Os olhos úmidos seguraram bravamente as lágrimas que desejavam rolar. Sam agradeceu a preocupação de Emília e caminhou para a caminhonete. Tinham ido juntos até ali, voltariam juntos.

Mesmo no silêncio que se seguiu durante o percurso de volta.

— Pensei que me contasse tudo.

Sam esperou por aquela frase. Ela soara exatamente como imaginou: chateada. Nada mais que isso. O fato, o doloroso fato, é que sempre esperava algo a mais de Edward.

Não tinham sequer trocado uma palavra antes disso, mas pensar que ficaria sem falar com o melhor amigo, trazia uma dorzinha no peito que o fizeram buscar por algum assunto em vários momentos naqueles minutos.

— Não é importante, por isso não contei. — Mentiu. Agora estava mentindo, mas preferia afastar o moreno de qualquer caminho que o levasse a indagar mais sobre aquele assunto.

— Tem a ver com você, é importante. — Edward estacionou duas casas antes da casa do ruivo. Era estúpido, mas o pai de Sam criaria caso se os visse chegando juntos.

Novamente houve a falta de diálogo, mas foi passageira e logo a voz mais grave voltou a falar.

— Não é a Geovanna, mas pode ser outra garota do time… — Os ares pensativos tomaram as faces de Edward. Ele realmente queria saber quem era a dona da atenção do amigo.

Os dedos de Sam se apertaram sobre o tecido leve da bermuda. Aquela certeza de que era uma menina, o incomodou como nunca antes, mas sequer havia comentado sobre aquilo com ninguém. Os lábios se comprimiram, mas a pergunta veio sem ressalvas.

— Por que tem que ser uma garota?

Edward desviou os olhos para a janela. O bairro era sossegado, não havia quase ninguém nas ruas àquela hora e ainda era cedo, mas podia ver o carro de Bruce e a tal banda dele, conversando animados frente a casa do loiro.

— Por que não seria? Vai dizer que gosta de garotos agora? — Não quis soar daquela maneira desdenhosa, mas talvez estivesse nervoso com a situação.

O pesado silêncio que pairou sobre eles, no entanto, foi uma confirmação.

— Você gosta de…?

— Eu tenho que ir. — O destravar da porta soou e ele escapuliu para a rua, caminhando sem olhar para trás.

Que bobo ele era!

Devia ter uma coroa para indicar que era rei no quesito tolice. Vivia de meias palavras, como Edward mesmo havia dito, mas somente a expressão desacreditada do amigo ao confirmar silenciosamente que gostava de garotos – de um garoto em específico –, foi suficiente para fazê-lo entender que aquilo não seria possível.

O rosto ardia em vergonha e os olhos queimavam, mas parou brevemente ao passar pelos colegas. Sabia que aquela seria uma noite importante para eles, não ficaria indiferente.

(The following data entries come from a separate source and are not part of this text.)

(* Let $p\in\mathbb{N}$, $\eta>0$ and write $x=\cosh\eta$. Then \[ \sum_{k=-p}^{p-1}\frac{(-1)^{k+1}e^{k\eta}R_p^k(x)}{p-k} =p!\,e^{p\eta}\sinh^p\eta\left\{\frac{(-1)^p}{(2p)!}\bigl[\psi(2p+1)-\psi(1)\bigr]P_p^p(\coth\eta)+\sum_{k=0}^{p-1}\frac{(-1)^k(2k+1)}{(p-k)(p+k+1)}P_k^{-p}(\coth\eta)\right\}. \]
   Context: $\psi$ is the digamma function. For $z>1$, $P_p^p(z)=(z^2-1)^{p/2}\frac{d^p}{dz^p}P_p(z)$ with $P_p$ the Legendre polynomial; for integers $k\ge0$, $m\ge1$, $P_k^{-m}(z)=\frac{1}{m!}\left(\frac{z-1}{z+1}\right)^{m/2}{}_2F_1\!\left(-k,k+1;1+m;\frac{1-z}{2}\right)$. The logarithmic polynomials $R_p^k(x)$, $p\in\mathbb{N}_0$, $k\in\mathbb{Z}$, are defined by $R_0^0(x)=1$, $R_0^k(x)=0$ for $k\ne0$, and $R_p^k(x)=\tfrac12 R_{p-1}^{k-1}(x)+xR_{p-1}^k(x)+\tfrac12 R_{p-1}^{k+1}(x)$ for $p\ge1$. *)

theory Defs
  imports "HOL-Analysis.Analysis" "HOL-Computational_Algebra.Polynomial"
begin

definition legendre_poly :: "nat \<Rightarrow> real poly" where
  "legendre_poly n = smult (1 / 2 ^ n)
     (\<Sum>j\<le>n div 2. monom ((-1) ^ j * real (n choose j) * real ((2*n - 2*j) choose n)) (n - 2*j))"

definition assoc_legendre_pp :: "nat \<Rightarrow> real \<Rightarrow> real" where
  "assoc_legendre_pp p z = (z^2 - 1) powr (real p / 2) * poly ((pderiv ^^ p) (legendre_poly p)) z"

definition hyp2F1_term :: "nat \<Rightarrow> real \<Rightarrow> real \<Rightarrow> real \<Rightarrow> real" where
  "hyp2F1_term k b c w =
     (\<Sum>j\<le>k. pochhammer (- real k) j * pochhammer b j / (pochhammer c j * fact j) * w ^ j)"

definition assoc_legendre_neg :: "nat \<Rightarrow> nat \<Rightarrow> real \<Rightarrow> real" where
  "assoc_legendre_neg k m z = 1 / fact m * ((z - 1) / (z + 1)) powr (real m / 2)
     * hyp2F1_term k (real k + 1) (1 + real m) ((1 - z) / 2)"

fun logR :: "nat \<Rightarrow> int \<Rightarrow> real \<Rightarrow> real" where
  "logR 0 k x = (if k = 0 then 1 else 0)"
| "logR (Suc p) k x = logR p (k - 1) x / 2 + x * logR p k x + logR p (k + 1) x / 2"

end

theory Submission
  imports Defs
begin

text \<open>Put \<open>s = exp (2\<eta>) - 1\<close> and let \<open>H n\<close> denote the harmonic numbers, so that
  \<open>\<psi>(2p+1) - \<psi>(1) = H (2p)\<close>. Both sides equal \<open>2^-p exp (-p\<eta>) (-1)^p \<Sum>m\<le>p. C(p,m) H(2p-m) s^m\<close>.

  On the left, the generating function \<open>\<Sum>k. R p k (cosh \<eta>) z^k = (2z)^-p (1 + z e^\<eta>)^p (1 + z e^-\<eta>)^p\<close>
  writes \<open>R p k (cosh \<eta>)\<close> as a double binomial sum; after exchanging summations, Vandermonde's identity
  and \<open>\<Sum>j=1..N. (-1)^j C(N,j) / j = - H N\<close> collapse the coefficients.

  On the right, \<open>P p p (coth \<eta>) = (2p)! / (2^p p!) / sinh^p \<eta>\<close>, and \<open>s^p P k (-p) (coth \<eta>)\<close>
  is \<open>exp (-p\<eta>) / p!\<close> times a polynomial in \<open>s\<close> (the hypergeometric series at \<open>-1/s\<close>)
  whose coefficient of \<open>s^(p-j)\<close> is a multiple of \<open>(-k)\<^sub>j (k+1)\<^sub>j\<close>.
  Against the weights \<open>(-1)^k (2k+1) / ((p-k)(p+k+1))\<close> these products telescope in \<open>k\<close>, leaving a
  difference of harmonic numbers.\<close>

section \<open>Hypergeometric numerators and Legendre weights\<close>

definition hyper_numer :: "nat \<Rightarrow> real \<Rightarrow> real" where
  "hyper_numer j x = (-1)^j * pochhammer (-x) j * pochhammer (x + 1) j"

lemma hyper_numer_0 [simp]: "hyper_numer 0 x = 1"
  by (simp add: hyper_numer_def)

lemma hyper_numer_Suc: "hyper_numer (Suc j) x = hyper_numer j x * ((x - real j) * (x + 1 + real j))"
  by (simp add: hyper_numer_def pochhammer_rec' algebra_simps)

lemma hyper_numer_of_nat_eq_0: "n < j \<Longrightarrow> hyper_numer j (real n) = 0"
  by (simp add: hyper_numer_def pochhammer_of_nat_eq_0_iff)

lemma hyper_numer_shift: "hyper_numer j (x + 1) * (x + 1 - real j) = hyper_numer j x * (x + 1 + real j)"
proof (induction j)
  case (Suc j)
  have "hyper_numer (Suc j) (x + 1) * (x + 1 - real (Suc j))
      = (hyper_numer j (x + 1) * (x + 1 - real j)) * (x + 2 + real j) * (x - real j)"
    by (simp add: hyper_numer_Suc algebra_simps)
  also have "\<dots> = hyper_numer j x * (x + 1 + real j) * (x + 2 + real j) * (x - real j)"
    using Suc by simp
  also have "\<dots> = hyper_numer (Suc j) x * (x + 1 + real (Suc j))"
    by (simp add: hyper_numer_Suc algebra_simps)
  finally show ?case .
qed simp

lemma sum_alternating_hyper_numer:
  "(\<Sum>k<n. (-1)^k * (2 * real k + 1) * hyper_numer j (real k))
     = (-1)^(n+1) * hyper_numer j (real n) * (real n - real j)"
proof (induction n)
  case 0
  then show ?case using hyper_numer_of_nat_eq_0[of 0 j] by (cases j) auto
next
  case (Suc n)
  then show ?case using hyper_numer_shift[of j "real n"] by (simp add: algebra_simps)
qed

— Boa sorte. — Desejou com uma animação que não sentia e se apressou em entrar em casa antes que Bruce perguntasse alguma coisa.

— Filho?!

A voz da mãe o chamou assim que a porta bateu. Ele parou ainda na entrada, mordeu o lábio inferior e a encarou nos olhos. O brilho úmido cintilando no olhar escuro. Queria compartilhar com ela o que sentia, mas se contentou em abraçá-la e buscar o conforto desejado para sua falta de coragem.

— Eddie?!

Rachel chamou pelo filho ao vê-lo passar pela porta. Havia um tom de repreensão na voz, mas ao ver a expressão distante no rosto jovem, decidiu deixar as broncas para depois.

— Você estava com o Sam? — Ela se aproximou, sentou-se ao lado dele no sofá e buscou seriamente por alguma reação ante aquele nome.

— É.

A falta de diálogo deixava ainda mais claro que algo havia acontecido.

— Vocês brigaram?

Os olhos azuis encontraram os castanhos da mãe, expondo no olhar o quanto aquela pergunta era idiota.

— A gente não faz essas coisas. — Nunca tinham brigado com ele. Brigar era perda de tempo. — Foi só... — Parou ao suspirar. Não podia contar algo que não o pertencia.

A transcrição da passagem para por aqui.